lemma not_in_ap_spec_imp_bounded_below:
  assumes T: "bounded_clinear T" and \<mu>: "\<mu> \<notin> ap_spec T"
  shows "bounded_below (\<lambda>x. T x - \<mu> *\<^sub>C x)"
proof (rule ccontr)
  assume "\<not> ?thesis"
  then have "\<forall>n::nat. \<exists>x. norm (T x - \<mu> *\<^sub>C x) < inverse (real (Suc n)) * norm x"
    unfolding bounded_below_def by (metis inverse_positive_iff_positive not_le of_nat_0_less_iff zero_less_Suc)
  then obtain xs where xs: "\<And>n. norm (T (xs n) - \<mu> *\<^sub>C xs n) < inverse (real (Suc n)) * norm (xs n)"
    by metis
  have "xs n \<noteq> 0" for n using xs[of n] by (auto simp: bounded_clinear_zero[OF T])
  define u where "u n = complex_of_real (inverse (norm (xs n))) *\<^sub>C xs n" for n
  have norm_u: "norm (u n) = 1" for n
    using \<open>xs n \<noteq> 0\<close> by (simp add: u_def norm_cscale norm_inverse)
  have "norm (T (u n) - \<mu> *\<^sub>C u n) \<le> inverse (real (Suc n))" for n
  proof -
    have "T (u n) - \<mu> *\<^sub>C u n = complex_of_real (inverse (norm (xs n))) *\<^sub>C (T (xs n) - \<mu> *\<^sub>C xs n)"
      by (simp add: u_def bounded_clinear_cscale[OF T] cscale_diff_right cscale_cscale mult.commute)
    then have "norm (T (u n) - \<mu> *\<^sub>C u n) = inverse (norm (xs n)) * norm (T (xs n) - \<mu> *\<^sub>C xs n)"
      by (simp add: norm_cscale norm_inverse)
    also have "\<dots> \<le> inverse (norm (xs n)) * (inverse (real (Suc n)) * norm (xs n))"
      using xs[of n] by (intro mult_left_mono) auto
    also have "\<dots> = inverse (real (Suc n))" using \<open>xs n \<noteq> 0\<close> by simp
    finally show ?thesis .
  qed
  then have "(\<lambda>n. T (u n) - \<mu> *\<^sub>C u n) \<longlonglongrightarrow> 0"
    by (intro Lim_null_comparison[OF _ LIMSEQ_inverse_real_of_nat]) auto
  then have "\<mu> \<in> ap_spec T" unfolding ap_spec_def using norm_u by blast
  then show False using \<mu> by simp
qed

lemma closed_image_bounded_below:
  assumes T: "bounded_clinear T" "bounded_below T" and M: "closed M"
  shows "closed (T ` M)"
proof (rule closed_sequential_limits[THEN iffD2], intro allI impI, elim conjE)
  fix zs z assume "\<forall>n. zs n \<in> T ` M" and lim: "zs \<longlonglongrightarrow> z"
  then obtain xs where xs: "\<And>n. xs n \<in> M" "\<And>n. zs n = T (xs n)" unfolding image_iff by metis
  obtain c where c: "c > 0" "\<And>x. c * norm x \<le> norm (T x)"
    using T(2) unfolding bounded_below_def by blast
  have "Cauchy xs"
  proof (rule metric_CauchyI)
    fix e :: real assume "e > 0"
    then obtain N where N: "\<forall>m\<ge>N. \<forall>n\<ge>N. dist (zs m) (zs n) < c * e"
      using metric_CauchyD[OF LIMSEQ_imp_Cauchy[OF lim], of "c * e"] c by auto
    have "dist (xs m) (xs n) < e" if "N \<le> m" "N \<le> n" for m n
    proof -
      have "c * dist (xs m) (xs n) \<le> dist (zs m) (zs n)"
        using c(2)[of "xs m - xs n"] by (simp add: dist_norm xs bounded_clinear_diff[OF T(1)])
      also have "\<dots> < c * e" using N that by auto
      finally show ?thesis using c by simp
    qed
    then show "\<exists>M. \<forall>m\<ge>M. \<forall>n\<ge>M. dist (xs m) (xs n) < e" by blast
  qed
  then obtain x where "xs \<longlonglongrightarrow> x" using Cauchy_convergent convergent_def by blast
  then have "x \<in> M" "(\<lambda>n. T (xs n)) \<longlonglongrightarrow> T x"
    using closed_sequentially[OF M] xs(1)
      bounded_linear.tendsto[OF bounded_clinear_imp_bounded_linear[OF T(1)]] by blast+
  then show "z \<in> T ` M" using lim xs(2) by (metis LIMSEQ_unique ext image_eqI)
qed

lemma csubspace_image:
  assumes "bounded_clinear T" "csubspace M"
  shows "csubspace (T ` M)"
  using assms unfolding csubspace_def
  by (auto simp: bounded_clinear_zero bounded_clinear_add[symmetric] bounded_clinear_cscale[symmetric]
      intro!: image_eqI)

text \<open>The orthogonal complement of \<open>T M\<close> in \<open>M\<close> is the kernel of \<open>(T|M)\<^sup>*\<close>, which by normality
  is the kernel of \<open>T|M\<close>, and that is trivial because \<open>T\<close> is bounded below.\<close>
lemma normal_bounded_below_image_eq:
  assumes T: "bounded_clinear T" "bounded_below T"
    and M: "csubspace M" "closed M" "\<And>x. x \<in> M \<Longrightarrow> T x \<in> M" and normal: "normal_on M T"
  shows "M \<subseteq> T ` M"
proof
  fix y assume "y \<in> M"
  obtain S where S: "\<And>x. x \<in> M \<Longrightarrow> S x \<in> M"
    and adj: "\<And>x y. x \<in> M \<Longrightarrow> y \<in> M \<Longrightarrow> cinner (T x) y = cinner x (S y)"
    and comm: "\<And>x. x \<in> M \<Longrightarrow> S (T x) = T (S x)"
    using normal unfolding normal_on_def is_adjoint_on_def by blast
  obtain p where "p \<in> T ` M" and orth: "\<forall>k\<in>T ` M. cinner k (y - p) = 0"
    using orthogonal_projection_exists[OF csubspace_image[OF T(1) M(1)] closed_image_bounded_below[OF T M(2)]]
    by blast
  define q where "q = y - p"
  have "q \<in> M" unfolding q_def using \<open>p \<in> T ` M\<close> \<open>y \<in> M\<close> M csubspace_diff by blast
  have "cinner (S q) (S q) = cinner (T (S q)) q" using adj[OF S \<open>q \<in> M\<close>] \<open>q \<in> M\<close> by simp
  also have "\<dots> = 0" using orth S[OF \<open>q \<in> M\<close>] \<open>q \<in> M\<close> by (simp add: q_def)
  finally have "S q = 0" by (simp add: cinner_eq_zero)
  have "cinner (T q) (T q) = cinner q (S (T q))" using adj \<open>q \<in> M\<close> M(3) by blast
  also have "\<dots> = 0" using comm[OF \<open>q \<in> M\<close>] \<open>S q = 0\<close> bounded_clinear_zero[OF T(1)] by simp
  finally have "T q = T 0" by (simp add: cinner_eq_zero bounded_clinear_zero[OF T(1)])
  then have "q = 0" using bounded_below_inj[OF T] by blast
  then show "y \<in> T ` M" using \<open>p \<in> T ` M\<close> by (simp add: q_def)
qed

lemma analytic_bounded_below_imp_completely_nonnormal:
  assumes T: "bounded_clinear T" "bounded_below T" and "analytic_op T"
  shows "completely_nonnormal T"
  unfolding completely_nonnormal_def
proof
  assume "\<exists>M. csubspace M \<and> closed M \<and> M \<noteq> {0} \<and> reduces M T \<and> normal_on M T"
  then obtain M where M: "csubspace M" "closed M" "M \<noteq> {0}" "reduces M T" "normal_on M T"
    by blast
  then have image: "M \<subseteq> T ` M"
    by (intro normal_bounded_below_image_eq[OF T]) (auto simp: reduces_def)
  have "M \<subseteq> range (T ^^ n)" for n
  proof (induction n)
    case (Suc n)
    then have "T ` M \<subseteq> range (T ^^ Suc n)" by auto
    with image show ?case by blast
  qed simp
  then have "M \<subseteq> {0}" using \<open>analytic_op T\<close> unfolding analytic_op_def by blast
  then show False using M(1,3) unfolding csubspace_def by blast
qed

section \<open>The resolvent set\<close>

definition resolvent_set :: "('a::chilbert \<Rightarrow> 'a) \<Rightarrow> complex set" where
  "resolvent_set T = {\<mu>. surj (\<lambda>x. T x - \<mu> *\<^sub>C x) \<and> bounded_below (\<lambda>x. T x - \<mu> *\<^sub>C x)}"

lemma surj_diff_small_perturbation:
  fixes X E :: "'a::chilbert \<Rightarrow> 'a"
  assumes X: "\<And>a b. X (a - b) = X a - X b" "surj X" "c > 0" "\<And>x. c * norm x \<le> norm (X x)"
    and E: "\<And>a b. E (a - b) = E a - E b" "\<And>x. norm (E x) \<le> e * norm x" "0 \<le> e" "e < c"
  shows "surj (\<lambda>x. X x - E x)"
  unfolding surj_def
proof
  fix y
  have X_inv: "X (inv X u) = u" for u using X(2) by (simp add: surj_f_inv_f)
  define f where "f z = inv X (y + E z)" for z
  have "dist (f a) (f b) \<le> (e / c) * dist a b" for a b
  proof -
    have "c * dist (f a) (f b) \<le> norm (X (f a - f b))" using X(4) by (simp add: dist_norm)
    also have "\<dots> = norm (E (a - b))" by (simp add: X(1) E(1) X_inv f_def)
    also have "\<dots> \<le> e * dist a b" using E(2) by (simp add: dist_norm)
    finally show ?thesis using X(3) by (simp add: field_simps)
  qed
  moreover have "0 \<le> e / c" "e / c < 1" using X(3) E(3,4) by auto
  ultimately obtain x where "f x = x" using banach_fix_type by metis
  then have "X x = y + E x" using X_inv unfolding f_def by metis
  then show "\<exists>x. y = X x - E x" by (intro exI[of _ x]) simp
qed

lemma surj_shift_perturb:
  assumes T: "bounded_clinear T" and \<mu>: "surj (\<lambda>x. T x - \<mu> *\<^sub>C x)"
    and c: "c > 0" "\<And>x. c * norm x \<le> norm (T x - \<mu> *\<^sub>C x)" and "cmod (\<nu> - \<mu>) < c"
  shows "surj (\<lambda>x. T x - \<nu> *\<^sub>C x)"
proof -
  have "surj (\<lambda>x. (T x - \<mu> *\<^sub>C x) - (\<nu> - \<mu>) *\<^sub>C x)"
    by (rule surj_diff_small_perturbation[where c = c and e = "cmod (\<nu> - \<mu>)"])
      (use assms in \<open>auto simp: bounded_clinear_diff cscale_diff_right norm_cscale\<close>)
  then show ?thesis by (simp add: cscale_diff_left)
qed

lemma surj_shift_locally_constant:
  assumes T: "bounded_clinear T"
    and c: "c > 0" "\<And>x. c * norm x \<le> norm (T x - \<mu> *\<^sub>C x)" and close: "cmod (\<nu> - \<mu>) < c / 2"
  shows "surj (\<lambda>x. T x - \<nu> *\<^sub>C x) \<longleftrightarrow> surj (\<lambda>x. T x - \<mu> *\<^sub>C x)"
proof
  assume \<nu>: "surj (\<lambda>x. T x - \<nu> *\<^sub>C x)"
  have "(c - cmod (\<nu> - \<mu>)) * norm x \<le> norm (T x - \<nu> *\<^sub>C x)" for x
  proof -
    have "T x - \<nu> *\<^sub>C x = (T x - \<mu> *\<^sub>C x) - (\<nu> - \<mu>) *\<^sub>C x" by (simp add: cscale_diff_left)
    then have "norm (T x - \<mu> *\<^sub>C x) - cmod (\<nu> - \<mu>) * norm x \<le> norm (T x - \<nu> *\<^sub>C x)"
      by (metis norm_cscale norm_triangle_ineq2)
    then show ?thesis using c(2)[of x] by (simp add: algebra_simps)
  qed
  moreover have "cmod (\<mu> - \<nu>) < c - cmod (\<nu> - \<mu>)" "0 < c - cmod (\<nu> - \<mu>)"
    using close norm_minus_commute[of \<mu> \<nu>] norm_ge_zero[of "\<nu> - \<mu>"] by linarith+
  ultimately show "surj (\<lambda>x. T x - \<mu> *\<^sub>C x)"
    using surj_shift_perturb[OF T \<nu>] by blast
next
  assume "surj (\<lambda>x. T x - \<mu> *\<^sub>C x)"
  moreover have "cmod (\<nu> - \<mu>) < c" using close norm_ge_zero[of "\<nu> - \<mu>"] by linarith
  ultimately show "surj (\<lambda>x. T x - \<nu> *\<^sub>C x)" using surj_shift_perturb[OF T _ c] by blast
qed

lemma surj_shift_constant_on_connected:
  assumes T: "bounded_clinear T" and U: "open U" "connected U" "U \<inter> ap_spec T = {}"
    and "\<mu> \<in> U" "\<nu> \<in> U"
  shows "surj (\<lambda>x. T x - \<nu> *\<^sub>C x) \<longleftrightarrow> surj (\<lambda>x. T x - \<mu> *\<^sub>C x)"
proof -
  have "(\<lambda>\<mu>. surj (\<lambda>x. T x - \<mu> *\<^sub>C x)) constant_on U"
  proof (rule locally_constant_imp_constant[OF U(2)])
    fix \<mu> assume "\<mu> \<in> U"
    then have "\<mu> \<notin> ap_spec T" using U(3) by blast
    then obtain c where c: "c > 0" "\<And>x. c * norm x \<le> norm (T x - \<mu> *\<^sub>C x)"
      using not_in_ap_spec_imp_bounded_below[OF T] unfolding bounded_below_def by blast
    show "\<exists>V. openin (top_of_set U) V \<and> \<mu> \<in> V \<and>
        (\<forall>\<nu>\<in>V. surj (\<lambda>x. T x - \<nu> *\<^sub>C x) = surj (\<lambda>x. T x - \<mu> *\<^sub>C x))"
    proof (intro exI[of _ "U \<inter> ball \<mu> (c / 2)"] conjI ballI)
      show "openin (top_of_set U) (U \<inter> ball \<mu> (c / 2))" by (simp add: openin_open_Int)
      show "\<mu> \<in> U \<inter> ball \<mu> (c / 2)" using \<open>\<mu> \<in> U\<close> c(1) by simp
      fix \<nu> assume "\<nu> \<in> U \<inter> ball \<mu> (c / 2)"
      then have "cmod (\<nu> - \<mu>) < c / 2" by (simp add: dist_norm norm_minus_commute)
      then show "surj (\<lambda>x. T x - \<nu> *\<^sub>C x) = surj (\<lambda>x. T x - \<mu> *\<^sub>C x)"
        by (rule surj_shift_locally_constant[OF T c])
    qed
  qed
  then obtain b where "\<And>\<mu>. \<mu> \<in> U \<Longrightarrow> surj (\<lambda>x. T x - \<mu> *\<^sub>C x) = b"
    unfolding constant_on_def by metis
  then show ?thesis using assms(5,6) by simp
qed

lemma resolvent_set_off_circle:
  assumes T: "bounded_clinear T" and ap: "ap_spec T \<subseteq> sphere 0 1" and "surj T"
    and "cmod \<mu> \<noteq> 1"
  shows "\<mu> \<in> resolvent_set T"
proof -
  have ap_off: "U \<inter> ap_spec T = {}" if "U \<inter> sphere 0 1 = {}" for U using ap that by blast
  have "surj (\<lambda>x. T x - \<mu> *\<^sub>C x)"
  proof (cases "cmod \<mu> < 1")
    case True
    have "surj (\<lambda>x. T x - \<mu> *\<^sub>C x) \<longleftrightarrow> surj (\<lambda>x. T x - 0 *\<^sub>C x)"
      by (rule surj_shift_constant_on_connected[OF T open_ball[of 0 1] convex_connected[OF convex_ball] ap_off])
        (use True in auto)
    then show ?thesis using \<open>surj T\<close> by simp
  next
    case False
    obtain K where K: "K > 0" "\<And>x. norm (T x) \<le> K * norm x" using bounded_clinear_bound[OF T] by blast
    \<comment> \<open>a base point of the outer component: for \<open>\<bar>\<mu>\<^sub>0\<bar> > \<parallel>T\<parallel>\<close>, \<open>T - \<mu>\<^sub>0\<close> is a small perturbation of \<open>-\<mu>\<^sub>0\<close>\<close>
    define \<mu>\<^sub>0 where "\<mu>\<^sub>0 = complex_of_real (K + 1)"
    have "cmod \<mu>\<^sub>0 = K + 1" using K by (simp add: \<mu>\<^sub>0_def)
    have surj_\<mu>\<^sub>0: "surj (\<lambda>x. - (\<mu>\<^sub>0 *\<^sub>C x) - - T x)"
    proof (rule surj_diff_small_perturbation[where c = "K + 1" and e = K])
      have "\<mu>\<^sub>0 \<noteq> 0" using \<open>cmod \<mu>\<^sub>0 = K + 1\<close> K by auto
      then show "surj (\<lambda>x. - (\<mu>\<^sub>0 *\<^sub>C x))"
        by (intro surjI[of _ "\<lambda>y. (- inverse \<mu>\<^sub>0) *\<^sub>C y"])
          (simp add: cscale_cscale cscale_minus_right cscale_minus_left cscale_one)
      show "(K + 1) * norm x \<le> norm (- (\<mu>\<^sub>0 *\<^sub>C x))" for x
        by (simp add: norm_cscale \<open>cmod \<mu>\<^sub>0 = K + 1\<close>)
    qed (use K in \<open>auto simp: cscale_diff_right bounded_clinear_diff[OF T]\<close>)
    have "connected (- cball (0::complex) 1)"
      by (rule connected_complement_bounded_convex) auto
    then have "surj (\<lambda>x. T x - \<mu> *\<^sub>C x) \<longleftrightarrow> surj (\<lambda>x. T x - \<mu>\<^sub>0 *\<^sub>C x)"
      by (rule surj_shift_constant_on_connected[OF T open_Compl[OF closed_cball[of 0 1]] _ ap_off])
        (use False \<open>cmod \<mu> \<noteq> 1\<close> \<open>cmod \<mu>\<^sub>0 = K + 1\<close> K in auto)
    with surj_\<mu>\<^sub>0 show ?thesis by simp
  qed
  moreover have "\<mu> \<notin> ap_spec T" using ap \<open>cmod \<mu> \<noteq> 1\<close> by auto
  then have "bounded_below (\<lambda>x. T x - \<mu> *\<^sub>C x)" by (rule not_in_ap_spec_imp_bounded_below[OF T])
  ultimately show ?thesis unfolding resolvent_set_def by blast
qed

----------

▶ TASK TO COMPLETE: Among the lines above, find the one with "0\<close> by simp" and the one with "fix e :: real". Quote both and everything between them, exactly.

▶ SOLUTION TO THIS PROBLEM:
    also have "\<dots> = inverse (real (Suc n))" using \<open>xs n \<noteq> 0\<close> by simp
    finally show ?thesis .
  qed
  then have "(\<lambda>n. T (u n) - \<mu> *\<^sub>C u n) \<longlonglongrightarrow> 0"
    by (intro Lim_null_comparison[OF _ LIMSEQ_inverse_real_of_nat]) auto
  then have "\<mu> \<in> ap_spec T" unfolding ap_spec_def using norm_u by blast
  then show False using \<mu> by simp
qed

lemma closed_image_bounded_below:
  assumes T: "bounded_clinear T" "bounded_below T" and M: "closed M"
  shows "closed (T ` M)"
proof (rule closed_sequential_limits[THEN iffD2], intro allI impI, elim conjE)
  fix zs z assume "\<forall>n. zs n \<in> T ` M" and lim: "zs \<longlonglongrightarrow> z"
  then obtain xs where xs: "\<And>n. xs n \<in> M" "\<And>n. zs n = T (xs n)" unfolding image_iff by metis
  obtain c where c: "c > 0" "\<And>x. c * norm x \<le> norm (T x)"
    using T(2) unfolding bounded_below_def by blast
  have "Cauchy xs"
  proof (rule metric_CauchyI)
    fix e :: real assume "e > 0"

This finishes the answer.